◆ **Problem requirements**: Report each line of the data that has "simp" somewhere in it.

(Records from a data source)
______

(* Let $\sigma^2>0$. Consider the discrete-time memoryless channel with one-bit output quantization: for a Borel set $\mathcal{D}\subset\mathbb{R}$ (the quantization region), an input $x_k\in\mathbb{R}$ at time $k$ produces $\tilde Y_k=x_k+Z_k$ and output $Y_k=1$ if $\tilde Y_k\in\mathcal{D}$ and $Y_k=-1$ otherwise, where $Z_1,Z_2,\dots$ are i.i.d. Gaussian with mean $0$ and variance $\sigma^2$. Then the capacity per unit-energy of this channel (with the quantization region allowed to be optimized) is $$\dot C(0)=\frac{1}{2\sigma^2}.$$ Moreover, this value is achieved using threshold quantization regions: writing $P_{Y|X=x}^{\Upsilon}$ for the output distribution when the input is $x$ and $\mathcal{D}=\{\tilde y\in\mathbb{R}:\tilde y\ge \Upsilon\}$, i.e. $P(Y=1\mid X=x)=Q\bigl((\Upsilon-x)/\sigma\bigr)$, we have $$\sup_{\xi\neq 0,\ \Upsilon\in\mathbb{R}}\frac{D\bigl(P^{\Upsilon}_{Y|X=\xi}\,\big\|\,P^{\Upsilon}_{Y|X=0}\bigr)}{\xi^2}=\frac{1}{2\sigma^2}.$$
   Context: $Q(x)=\frac{1}{\sqrt{2\pi}}\int_x^\infty e^{-t^2/2}\,dt$ is the Gaussian $Q$-function; $\log$ is the natural logarithm; $D(\cdot\|\cdot)$ is relative entropy. A message $M$ uniform on $\{1,\dots,\mathsf{M}\}$ is encoded into $x_1,\dots,x_n$ satisfying the energy constraint $\sum_{k=1}^n x_k^2\le \mathsf{E}$ for every message; the decoder sees $Y_1,\dots,Y_n$ and outputs $\hat M$. A rate per unit-energy $\dot R$ (nats per unit energy) is achievable if for every $\epsilon>0$ there exist an encoder, a quantization region $\mathcal{D}$ and a decoder with $\log\mathsf{M}/\mathsf{E}>\dot R-\epsilon$ and $\Pr(\hat M\neq M)\to 0$ as $\mathsf{E}\to\infty$. The capacity per unit-energy $\dot C(0)$ is the supremum of achievable rates per unit-energy. *)

theory Defs
  imports "HOL-Probability.Probability"
begin

definition Qfun :: "real \<Rightarrow> real" where
  "Qfun x = (1 / sqrt (2 * pi)) * (\<integral>t\<in>{x..}. exp (- t\<^sup>2 / 2) \<partial>lborel)"

text \<open>Relative entropy between two distributions on {-1,1} given by the
  probabilities a = P(Y=1) and b = Q(Y=1) (natural logarithm).\<close>
definition binary_rel_entropy :: "real \<Rightarrow> real \<Rightarrow> real" where
  "binary_rel_entropy a b = a * ln (a / b) + (1 - a) * ln ((1 - a) / (1 - b))"

definition p_one :: "real \<Rightarrow> real set \<Rightarrow> real \<Rightarrow> real" where
  "p_one sigma2 D x = measure (density lborel (normal_density 0 (sqrt sigma2))) {z. x + z \<in> D}"

text \<open>Channel law of an output word (True = output 1, False = output -1)
  given an input word of length n (memoryless channel).\<close>
definition out_prob :: "real \<Rightarrow> real set \<Rightarrow> nat \<Rightarrow> (nat \<Rightarrow> real) \<Rightarrow> bool list \<Rightarrow> real" where
  "out_prob sigma2 D n x ys =
     (\<Prod>k<n. if ys ! k then p_one sigma2 D (x k) else 1 - p_one sigma2 D (x k))"

text \<open>Average error probability (uniform message on {1..M}) of the code with
  block length n, encoder f (message, time), region D and decoder g.\<close>
definition err_prob :: "real \<Rightarrow> nat \<Rightarrow> nat \<Rightarrow> (nat \<Rightarrow> nat \<Rightarrow> real) \<Rightarrow> real set \<Rightarrow> (bool list \<Rightarrow> nat) \<Rightarrow> real" where
  "err_prob sigma2 n M f D g =
     (1 / real M) * (\<Sum>m\<in>{1..M}. \<Sum>ys\<in>{ys. length ys = n}.
        (if g ys \<noteq> m then out_prob sigma2 D n (f m) ys else 0))"

definition energy_ok :: "nat \<Rightarrow> nat \<Rightarrow> (nat \<Rightarrow> nat \<Rightarrow> real) \<Rightarrow> real \<Rightarrow> bool" where
  "energy_ok n M f E = (\<forall>m\<in>{1..M}. (\<Sum>k<n. (f m k)\<^sup>2) \<le> E)"

definition achievable_rpue :: "real \<Rightarrow> real \<Rightarrow> bool" where
  "achievable_rpue sigma2 R =
    (\<forall>eps>0. \<exists>(n :: real \<Rightarrow> nat) (M :: real \<Rightarrow> nat) (f :: real \<Rightarrow> nat \<Rightarrow> nat \<Rightarrow> real)
        (D :: real \<Rightarrow> real set) (g :: real \<Rightarrow> bool list \<Rightarrow> nat).
       (\<forall>\<^sub>F E in at_top. M E \<ge> 1 \<and> D E \<in> sets borel \<and> energy_ok (n E) (M E) (f E) E
                          \<and> ln (real (M E)) / E > R - eps)
       \<and> ((\<lambda>E. err_prob sigma2 (n E) (M E) (f E) (D E) (g E)) \<longlongrightarrow> 0) at_top)"

definition capacity_per_unit_energy :: "real \<Rightarrow> real" where
  "capacity_per_unit_energy sigma2 = Sup {R. achievable_rpue sigma2 R}"

end

theory Submission
  imports Defs
begin

text \<open>
  The proof rests on one inequality: quantizing with any Borel region \<open>D\<close> cannot increase
  the divergence between the output laws of two inputs \<open>u, v\<close>, which for the unquantized
  Gaussian channel is \<open>(u - v)\<^sup>2/(2\<sigma>\<^sup>2)\<close> (lemma \<open>quantizer_data_processing\<close>, proved via
  the variational form \<open>a ln (a/b) = sup\<^sub>r (a ln r + a - r b)\<close> of a divergence term).
  \<^item> Converse: by the chain rule, a codeword of energy \<open>E\<close> yields an output law at
    divergence at most \<open>E/(2\<sigma>\<^sup>2)\<close> from that of the zero input; a Fano-type averaging over the
    decoding events gives \<open>(1 - P\<^sub>e) ln M \<le> E/(2\<sigma>\<^sup>2) + 2\<close>, hence no rate above \<open>1/(2\<sigma>\<^sup>2)\<close>.
  \<^item> Achievability: pulse-position modulation with \<open>exp (\<alpha> E)\<close> messages and the threshold
    region \<open>{y. \<beta> \<surd>E \<le> y}\<close>, \<open>\<alpha> < \<beta>\<^sup>2/(2\<sigma>\<^sup>2)\<close>, has error probability bounded by Gaussian
    (Chernoff) tail bounds that vanish as \<open>E \<rightarrow> \<infinity>\<close>.
  \<^item> The same tail bounds show that threshold quantizers with input \<open>\<surd>E\<close> and threshold
    \<open>\<beta> \<surd>E\<close> reach divergence per unit energy arbitrarily close to \<open>1/(2\<sigma>\<^sup>2)\<close>, while data
    processing bounds every threshold quantizer by \<open>1/(2\<sigma>\<^sup>2)\<close>.
\<close>

section \<open>The one-bit Gaussian channel law\<close>

lemma p_one_eq_integral:
  assumes "sigma2 > 0" and "D \<in> sets borel"
  shows "p_one sigma2 D x = (\<integral>y. normal_density x (sqrt sigma2) y * indicator D y \<partial>lborel)"
proof -
  let ?s = "sqrt sigma2"
  have shifted_D: "{z. x + z \<in> D} \<in> sets borel" using assms(2) by measurable
  have "p_one sigma2 D x = integral\<^sup>L (density lborel (normal_density 0 ?s)) (indicator {z. x + z \<in> D})"
    by (simp add: p_one_def)
  also have "\<dots> = (\<integral>z. normal_density 0 ?s z * indicator {z. x + z \<in> D} z \<partial>lborel)"
    using shifted_D by (subst integral_density) auto
  also have "\<dots> = (\<integral>z. normal_density x ?s (x + 1 * z) * indicator D (x + 1 * z) \<partial>lborel)"
    by (intro Bochner_Integration.integral_cong) (auto simp: normal_density_def indicator_def)
  also have "\<dots> = (\<integral>y. normal_density x ?s y * indicator D y \<partial>lborel)"
    using lborel_integral_real_affine[of 1 "\<lambda>y. normal_density x ?s y * indicator D y" x] by simp
  finally show ?thesis .
qed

______

◆ **Final answer**:
    by (simp add: p_one_def)
    by (intro Bochner_Integration.integral_cong) (auto simp: normal_density_def indicator_def)
    using lborel_integral_real_affine[of 1 "\<lambda>y. normal_density x ?s y * indicator D y" x] by simp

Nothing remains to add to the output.